- Born: July 18, 1974 (age 52) Tirana, Albania
- Genres: Opera
- Occupation: Opera singer (soprano)
- Years active: 1992–present
- Website: www.ermonelajaho.com

= Ermonela Jaho =

Albanian operatic soprano (born 1974)

Ermonela Jaho (born July 18, 1974) is an Albanian operatic soprano. She was described in The Economist as "the world’s most acclaimed soprano". The Financial Times said "Ermonela Jaho throws heart and soul into her singing... Don't even try to resist".

The Guardian has described her as "one of the great verismo interpreters". and on another article "Ermonela Jaho triumphs in Madama Butterfly".

==Education==
Jaho began studying singing at the age of six. After completing her studies at the Liceu Artistik "Jordan Misja" in Tirana in 1992, she entered the Academy of Fine Arts in Tirana where she studied for one year. After winning a competition organized by the Italian soprano Katia Ricciarelli in Albania, she moved to Italy in 1993 where she studied for one year at the Academy of Mantova. After completing her studies she joined the Accademia Nazionale di Santa Cecilia in Rome, where she studied singing and piano for five years.
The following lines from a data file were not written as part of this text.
definition l2norm :: "nat \<Rightarrow> real \<Rightarrow> (nat \<Rightarrow> real) \<Rightarrow> real" where
  "l2norm N dx u = sqrt (\<Sum>i<N. dx * (u i)\<^sup>2)"

definition Dnorm :: "nat \<Rightarrow> nat \<Rightarrow> real \<Rightarrow> real \<Rightarrow> real \<Rightarrow> (int \<Rightarrow> real) \<Rightarrow> (int \<Rightarrow> real)
                    \<Rightarrow> (nat \<Rightarrow> int \<Rightarrow> real) \<Rightarrow> (nat \<Rightarrow> int \<Rightarrow> real) \<Rightarrow> real" where
  "Dnorm N L dx dv \<rho> \<chi>1 \<chi>2 f g =
     sqrt (\<Sum>i<N. \<Sum>j\<in>Jset L. dx * dv * ((f i j)\<^sup>2 / (\<chi>1 j * \<rho>) + (g i j)\<^sup>2 * \<rho> / \<chi>2 j))"

definition Pi_f :: "nat \<Rightarrow> real \<Rightarrow> real \<Rightarrow> (int \<Rightarrow> real) \<Rightarrow> (nat \<Rightarrow> int \<Rightarrow> real) \<Rightarrow> (nat \<Rightarrow> int \<Rightarrow> real)
                    \<Rightarrow> nat \<Rightarrow> int \<Rightarrow> real" where
  "Pi_f L dv \<rho> \<chi>1 f g i j =
     (vsum L dv (f i) - vsum L dv (g i)) / (\<rho>\<^sup>2 + 1) * (\<rho>\<^sup>2 * \<chi>1 j)"

definition Pi_g :: "nat \<Rightarrow> real \<Rightarrow> real \<Rightarrow> (int \<Rightarrow> real) \<Rightarrow> (nat \<Rightarrow> int \<Rightarrow> real) \<Rightarrow> (nat \<Rightarrow> int \<Rightarrow> real)
                    \<Rightarrow> nat \<Rightarrow> int \<Rightarrow> real" where
  "Pi_g L dv \<rho> \<chi>2 f g i j =
     (vsum L dv (f i) - vsum L dv (g i)) / (\<rho>\<^sup>2 + 1) * (- \<chi>2 j)"

end

(* Pi F depends on F only through rho_f - rho_g = u_h, and a direct computation gives
   ||Pi F||^2 = rho / (rho^2 + 1) ||u_h||^2.  Every other quantity is a velocity moment
   sum_j dv phi_j (c1 f_ij - c2 g_ij); the weighted Cauchy-Schwarz inequality with the
   weights rho chi_1 and chi_2 / rho of ||.||_Delta bounds it, for each cell i, by the
   contribution of that cell to ||F||_Delta^2.  Replacing F by (I - Pi) F changes none of
   the moments J_f, J_g, S_h: the first because the chi_k are even, the last because D_0
   is exactly the value with rho^2 (D_1 - D_0) + (D_2 - D_0) = 0. *)
theory Submission
  imports Defs "HOL-Analysis.Analysis"
begin

lemma vsum_eq_mult_sum: "vsum L dv \<phi> = dv * (\<Sum>j\<in>Jset L. \<phi> j)"
  unfolding vsum_def by (simp add: sum_distrib_left)

lemma vsum_cong: "(\<And>j. j \<in> Jset L \<Longrightarrow> \<phi> j = \<psi> j) \<Longrightarrow> vsum L dv \<phi> = vsum L dv \<psi>"
  unfolding vsum_def by (auto intro: sum.cong)

lemma vsum_nonneg: "0 \<le> dv \<Longrightarrow> (\<And>j. j \<in> Jset L \<Longrightarrow> 0 \<le> \<phi> j) \<Longrightarrow> 0 \<le> vsum L dv \<phi>"
  unfolding vsum_def by (intro sum_nonneg) auto

lemma vsum_cmult: "vsum L dv (\<lambda>j. a * \<phi> j) = a * vsum L dv \<phi>"
  unfolding vsum_def by (simp add: sum_distrib_left algebra_simps)

lemma vsum_add: "vsum L dv (\<lambda>j. \<phi> j + \<psi> j) = vsum L dv \<phi> + vsum L dv \<psi>"
  unfolding vsum_def by (simp add: sum.distrib algebra_simps)

lemma vsum_diff: "vsum L dv (\<lambda>j. \<phi> j - \<psi> j) = vsum L dv \<phi> - vsum L dv \<psi>"
  unfolding vsum_def by (simp add: sum_subtractf algebra_simps)

lemma vsum_mult_diff:
  "vsum L dv (\<lambda>j. \<phi> j * (x j - y j)) = vsum L dv (\<lambda>j. \<phi> j * x j) - vsum L dv (\<lambda>j. \<phi> j * y j)"
  by (simp add: right_diff_distrib vsum_diff)

lemma sum_weighted_Cauchy_Schwarz:
  fixes \<phi> x w :: "'a \<Rightarrow> real"
  assumes "\<And>j. j \<in> S \<Longrightarrow> 0 < w j"
  shows "(\<Sum>j\<in>S. \<phi> j * x j)\<^sup>2 \<le> (\<Sum>j\<in>S. (\<phi> j)\<^sup>2 * w j) * (\<Sum>j\<in>S. (x j)\<^sup>2 / w j)"
proof -
  have "(\<Sum>j\<in>S. \<phi> j * x j) = (\<Sum>j\<in>S. (sqrt (w j) * \<phi> j) * (x j / sqrt (w j)))"
    by (intro sum.cong refl) (auto dest!: assms)
  moreover have "(\<Sum>j\<in>S. (\<phi> j)\<^sup>2 * w j) = (\<Sum>j\<in>S. (sqrt (w j) * \<phi> j)\<^sup>2)"
    by (intro sum.cong refl) (auto dest!: assms simp: power_mult_distrib)
  moreover have "(\<Sum>j\<in>S. (x j)\<^sup>2 / w j) = (\<Sum>j\<in>S. (x j / sqrt (w j))\<^sup>2)"
    by (intro sum.cong refl) (auto dest!: assms simp: power_divide)
  ultimately show ?thesis by (simp only: Cauchy_Schwarz_ineq_sum)
qed

lemma vsum_weighted_Cauchy_Schwarz:
  assumes "\<And>j. j \<in> Jset L \<Longrightarrow> 0 < w j"
  shows "(vsum L dv (\<lambda>j. \<phi> j * x j))\<^sup>2
           \<le> vsum L dv (\<lambda>j. (\<phi> j)\<^sup>2 * w j) * vsum L dv (\<lambda>j. (x j)\<^sup>2 / w j)"
proof -
  have "(\<Sum>j\<in>Jset L. \<phi> j * x j)\<^sup>2
          \<le> (\<Sum>j\<in>Jset L. (\<phi> j)\<^sup>2 * w j) * (\<Sum>j\<in>Jset L. (x j)\<^sup>2 / w j)"
    using assms by (rule sum_weighted_Cauchy_Schwarz)
  then have "dv\<^sup>2 * (\<Sum>j\<in>Jset L. \<phi> j * x j)\<^sup>2
          \<le> dv\<^sup>2 * ((\<Sum>j\<in>Jset L. (\<phi> j)\<^sup>2 * w j) * (\<Sum>j\<in>Jset L. (x j)\<^sup>2 / w j))"
    by (rule mult_left_mono) simp
  then show ?thesis by (simp add: vsum_eq_mult_sum power_mult_distrib power2_eq_square mult_ac)
qed

lemma sq_combination_le:
  fixes a b A B M c c1 c2 :: real
  assumes "a\<^sup>2 \<le> M * A" "b\<^sup>2 \<le> M * B" "\<bar>c1\<bar> \<le> c" "\<bar>c2\<bar> \<le> c"
  shows "(c1 * a - c2 * b)\<^sup>2 \<le> c\<^sup>2 * (2 * M) * (A + B)"
proof -
  have "0 \<le> c" using assms(3) by linarith
  then have c_sq: "c1\<^sup>2 \<le> c\<^sup>2" "c2\<^sup>2 \<le> c\<^sup>2"
    using assms(3,4) by (metis abs_le_square_iff abs_of_nonneg)+
  have "(c1 * a - c2 * b)\<^sup>2 \<le> 2 * ((c1 * a)\<^sup>2 + (c2 * b)\<^sup>2)"
    using zero_le_power2[of "c1 * a + c2 * b"] by (simp add: power2_eq_square algebra_simps)
  also have "\<dots> = 2 * (c1\<^sup>2 * a\<^sup>2 + c2\<^sup>2 * b\<^sup>2)" by (simp add: power_mult_distrib)
  also have "\<dots> \<le> 2 * (c\<^sup>2 * (M * A) + c\<^sup>2 * (M * B))"
    using assms(1,2) c_sq by (intro mult_left_mono add_mono mult_mono) auto
  finally show ?thesis by (simp add: algebra_simps)
qed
She has also studied with mezzo-soprano Catherine Green, wife of Alan Green, Jaho's manager.

== Career ==
She has won many international competitions including the Giacomo Puccini competition in Milan, Italy 1997, Spontini International Competition in Ancona, Italy 1998, Zandonai in Rovereto, Italy 1999, and The Best Singer at the Wexford Festival, 2000. She has performed in opera houses worldwide including the Royal Opera in London, the Metropolitan Opera, Teatro Real Madrid, the Berlin Staatsoper, Opera National de Paris, Theatre des Champs-Élysées, Staatsoper Vienna, Bayerische Staatsoper, Opera Australia, Teatro Colón Buenos Aires, Gran Teatre del Liceu Barcelona, Teatro alla Scala, Teatro San Carlo Naples, Theatro Municipal de Sae Paulo, Opera Company of Philadelphia, Opéra de Marseille, Arena di Verona, etc. Her repertoire includes Violetta in La traviata, Maria Stuarda, Madame Butterfly, Manon, Mireille, Amina in La sonnambula, Mimi in La bohème, Michaela in Carmen, Giulietta in I Capuleti e i Montecchi, Angelica in Suor Angelica, Anna Bolena, etc.

In 2016 she won the Readers' award (public's award) at International Opera Awards in London.